TASK INPUTS ::
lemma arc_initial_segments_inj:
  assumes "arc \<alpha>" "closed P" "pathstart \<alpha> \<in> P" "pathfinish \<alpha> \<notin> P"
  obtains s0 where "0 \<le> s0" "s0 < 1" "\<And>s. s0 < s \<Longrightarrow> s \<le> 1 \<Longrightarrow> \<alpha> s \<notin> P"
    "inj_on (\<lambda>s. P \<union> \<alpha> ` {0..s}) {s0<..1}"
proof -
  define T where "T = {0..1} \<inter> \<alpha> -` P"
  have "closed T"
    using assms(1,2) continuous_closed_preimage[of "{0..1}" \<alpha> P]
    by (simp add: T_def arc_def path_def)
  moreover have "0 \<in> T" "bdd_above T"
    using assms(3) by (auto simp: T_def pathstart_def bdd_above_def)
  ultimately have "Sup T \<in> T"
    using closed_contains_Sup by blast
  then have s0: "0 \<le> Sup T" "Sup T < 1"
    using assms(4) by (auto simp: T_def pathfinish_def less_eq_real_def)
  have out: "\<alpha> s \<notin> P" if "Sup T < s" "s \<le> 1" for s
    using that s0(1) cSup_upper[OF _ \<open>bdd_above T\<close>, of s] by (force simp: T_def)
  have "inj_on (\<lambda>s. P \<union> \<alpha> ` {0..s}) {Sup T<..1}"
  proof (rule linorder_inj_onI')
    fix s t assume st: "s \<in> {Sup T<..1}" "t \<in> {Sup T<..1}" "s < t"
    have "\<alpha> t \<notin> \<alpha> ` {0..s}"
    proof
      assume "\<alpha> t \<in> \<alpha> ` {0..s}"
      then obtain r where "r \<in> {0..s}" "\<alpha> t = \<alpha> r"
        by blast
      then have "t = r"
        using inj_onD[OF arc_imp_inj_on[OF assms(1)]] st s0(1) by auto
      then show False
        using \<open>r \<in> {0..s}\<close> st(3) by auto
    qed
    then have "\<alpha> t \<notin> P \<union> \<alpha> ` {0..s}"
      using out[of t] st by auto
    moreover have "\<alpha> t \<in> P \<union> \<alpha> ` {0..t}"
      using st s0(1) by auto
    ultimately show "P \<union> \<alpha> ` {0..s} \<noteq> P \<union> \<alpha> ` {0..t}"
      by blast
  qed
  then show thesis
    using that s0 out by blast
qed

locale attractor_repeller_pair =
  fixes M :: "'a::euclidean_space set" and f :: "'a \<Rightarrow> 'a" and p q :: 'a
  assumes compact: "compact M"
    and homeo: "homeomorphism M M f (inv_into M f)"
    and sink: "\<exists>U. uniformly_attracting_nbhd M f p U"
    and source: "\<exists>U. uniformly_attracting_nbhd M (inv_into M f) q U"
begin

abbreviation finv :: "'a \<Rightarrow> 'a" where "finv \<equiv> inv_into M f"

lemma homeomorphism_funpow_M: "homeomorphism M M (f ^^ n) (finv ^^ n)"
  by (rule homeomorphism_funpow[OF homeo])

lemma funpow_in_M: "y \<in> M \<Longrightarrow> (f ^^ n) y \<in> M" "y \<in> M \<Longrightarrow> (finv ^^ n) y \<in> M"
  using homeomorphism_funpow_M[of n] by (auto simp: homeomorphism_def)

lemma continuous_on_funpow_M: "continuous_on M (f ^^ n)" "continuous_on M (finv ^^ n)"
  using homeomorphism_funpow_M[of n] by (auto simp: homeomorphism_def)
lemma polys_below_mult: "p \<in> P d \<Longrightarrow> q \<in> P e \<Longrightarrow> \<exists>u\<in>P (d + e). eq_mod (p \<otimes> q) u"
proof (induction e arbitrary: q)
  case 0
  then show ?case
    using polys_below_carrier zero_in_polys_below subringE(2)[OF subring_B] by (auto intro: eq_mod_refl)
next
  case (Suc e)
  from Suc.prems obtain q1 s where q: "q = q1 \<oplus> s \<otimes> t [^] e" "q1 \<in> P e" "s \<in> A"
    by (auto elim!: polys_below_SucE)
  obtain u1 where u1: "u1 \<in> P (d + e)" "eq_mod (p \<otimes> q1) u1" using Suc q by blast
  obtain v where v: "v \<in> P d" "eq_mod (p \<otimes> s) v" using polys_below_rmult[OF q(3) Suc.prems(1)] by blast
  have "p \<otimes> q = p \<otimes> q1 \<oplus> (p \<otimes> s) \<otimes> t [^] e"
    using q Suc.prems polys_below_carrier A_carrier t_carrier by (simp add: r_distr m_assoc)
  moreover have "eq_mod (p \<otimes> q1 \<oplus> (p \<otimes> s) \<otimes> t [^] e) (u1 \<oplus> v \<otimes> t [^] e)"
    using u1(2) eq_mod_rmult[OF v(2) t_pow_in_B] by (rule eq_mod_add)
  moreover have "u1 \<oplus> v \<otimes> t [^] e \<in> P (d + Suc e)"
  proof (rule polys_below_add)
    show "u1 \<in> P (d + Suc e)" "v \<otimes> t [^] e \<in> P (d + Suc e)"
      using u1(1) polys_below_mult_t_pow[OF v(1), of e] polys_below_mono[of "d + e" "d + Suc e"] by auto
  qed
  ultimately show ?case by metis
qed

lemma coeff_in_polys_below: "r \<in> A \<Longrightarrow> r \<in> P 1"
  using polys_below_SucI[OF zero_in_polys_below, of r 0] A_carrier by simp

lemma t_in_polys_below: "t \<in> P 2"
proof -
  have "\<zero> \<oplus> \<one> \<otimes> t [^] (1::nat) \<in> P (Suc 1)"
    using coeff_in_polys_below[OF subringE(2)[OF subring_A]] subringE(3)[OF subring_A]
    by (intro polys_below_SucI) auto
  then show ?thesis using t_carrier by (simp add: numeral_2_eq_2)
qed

TASK PROMPT :: Extract the listing in its entirety, matching it exactly.

REPLY ::
lemma arc_initial_segments_inj:
  assumes "arc \<alpha>" "closed P" "pathstart \<alpha> \<in> P" "pathfinish \<alpha> \<notin> P"
  obtains s0 where "0 \<le> s0" "s0 < 1" "\<And>s. s0 < s \<Longrightarrow> s \<le> 1 \<Longrightarrow> \<alpha> s \<notin> P"
    "inj_on (\<lambda>s. P \<union> \<alpha> ` {0..s}) {s0<..1}"
proof -
  define T where "T = {0..1} \<inter> \<alpha> -` P"
  have "closed T"
    using assms(1,2) continuous_closed_preimage[of "{0..1}" \<alpha> P]
    by (simp add: T_def arc_def path_def)
  moreover have "0 \<in> T" "bdd_above T"
    using assms(3) by (auto simp: T_def pathstart_def bdd_above_def)
  ultimately have "Sup T \<in> T"
    using closed_contains_Sup by blast
  then have s0: "0 \<le> Sup T" "Sup T < 1"
    using assms(4) by (auto simp: T_def pathfinish_def less_eq_real_def)
  have out: "\<alpha> s \<notin> P" if "Sup T < s" "s \<le> 1" for s
    using that s0(1) cSup_upper[OF _ \<open>bdd_above T\<close>, of s] by (force simp: T_def)
  have "inj_on (\<lambda>s. P \<union> \<alpha> ` {0..s}) {Sup T<..1}"
  proof (rule linorder_inj_onI')
    fix s t assume st: "s \<in> {Sup T<..1}" "t \<in> {Sup T<..1}" "s < t"
    have "\<alpha> t \<notin> \<alpha> ` {0..s}"
    proof
      assume "\<alpha> t \<in> \<alpha> ` {0..s}"
      then obtain r where "r \<in> {0..s}" "\<alpha> t = \<alpha> r"
        by blast
      then have "t = r"
        using inj_onD[OF arc_imp_inj_on[OF assms(1)]] st s0(1) by auto
      then show False
        using \<open>r \<in> {0..s}\<close> st(3) by auto
    qed
    then have "\<alpha> t \<notin> P \<union> \<alpha> ` {0..s}"
      using out[of t] st by auto
    moreover have "\<alpha> t \<in> P \<union> \<alpha> ` {0..t}"
      using st s0(1) by auto
    ultimately show "P \<union> \<alpha> ` {0..s} \<noteq> P \<union> \<alpha> ` {0..t}"
      by blast
  qed
  then show thesis
    using that s0 out by blast
qed

locale attractor_repeller_pair =
  fixes M :: "'a::euclidean_space set" and f :: "'a \<Rightarrow> 'a" and p q :: 'a
  assumes compact: "compact M"
    and homeo: "homeomorphism M M f (inv_into M f)"
    and sink: "\<exists>U. uniformly_attracting_nbhd M f p U"
    and source: "\<exists>U. uniformly_attracting_nbhd M (inv_into M f) q U"
begin

abbreviation finv :: "'a \<Rightarrow> 'a" where "finv \<equiv> inv_into M f"

lemma homeomorphism_funpow_M: "homeomorphism M M (f ^^ n) (finv ^^ n)"
  by (rule homeomorphism_funpow[OF homeo])

lemma funpow_in_M: "y \<in> M \<Longrightarrow> (f ^^ n) y \<in> M" "y \<in> M \<Longrightarrow> (finv ^^ n) y \<in> M"
  using homeomorphism_funpow_M[of n] by (auto simp: homeomorphism_def)

lemma continuous_on_funpow_M: "continuous_on M (f ^^ n)" "continuous_on M (finv ^^ n)"
  using homeomorphism_funpow_M[of n] by (auto simp: homeomorphism_def)
lemma polys_below_mult: "p \<in> P d \<Longrightarrow> q \<in> P e \<Longrightarrow> \<exists>u\<in>P (d + e). eq_mod (p \<otimes> q) u"
proof (induction e arbitrary: q)
  case 0
  then show ?case
    using polys_below_carrier zero_in_polys_below subringE(2)[OF subring_B] by (auto intro: eq_mod_refl)
next
  case (Suc e)
  from Suc.prems obtain q1 s where q: "q = q1 \<oplus> s \<otimes> t [^] e" "q1 \<in> P e" "s \<in> A"
    by (auto elim!: polys_below_SucE)
  obtain u1 where u1: "u1 \<in> P (d + e)" "eq_mod (p \<otimes> q1) u1" using Suc q by blast
  obtain v where v: "v \<in> P d" "eq_mod (p \<otimes> s) v" using polys_below_rmult[OF q(3) Suc.prems(1)] by blast
  have "p \<otimes> q = p \<otimes> q1 \<oplus> (p \<otimes> s) \<otimes> t [^] e"
    using q Suc.prems polys_below_carrier A_carrier t_carrier by (simp add: r_distr m_assoc)
  moreover have "eq_mod (p \<otimes> q1 \<oplus> (p \<otimes> s) \<otimes> t [^] e) (u1 \<oplus> v \<otimes> t [^] e)"
    using u1(2) eq_mod_rmult[OF v(2) t_pow_in_B] by (rule eq_mod_add)
  moreover have "u1 \<oplus> v \<otimes> t [^] e \<in> P (d + Suc e)"
  proof (rule polys_below_add)
    show "u1 \<in> P (d + Suc e)" "v \<otimes> t [^] e \<in> P (d + Suc e)"
      using u1(1) polys_below_mult_t_pow[OF v(1), of e] polys_below_mono[of "d + e" "d + Suc e"] by auto
  qed
  ultimately show ?case by metis
qed

lemma coeff_in_polys_below: "r \<in> A \<Longrightarrow> r \<in> P 1"
  using polys_below_SucI[OF zero_in_polys_below, of r 0] A_carrier by simp

lemma t_in_polys_below: "t \<in> P 2"
proof -
  have "\<zero> \<oplus> \<one> \<otimes> t [^] (1::nat) \<in> P (Suc 1)"
    using coeff_in_polys_below[OF subringE(2)[OF subring_A]] subringE(3)[OF subring_A]
    by (intro polys_below_SucI) auto
  then show ?thesis using t_carrier by (simp add: numeral_2_eq_2)
qed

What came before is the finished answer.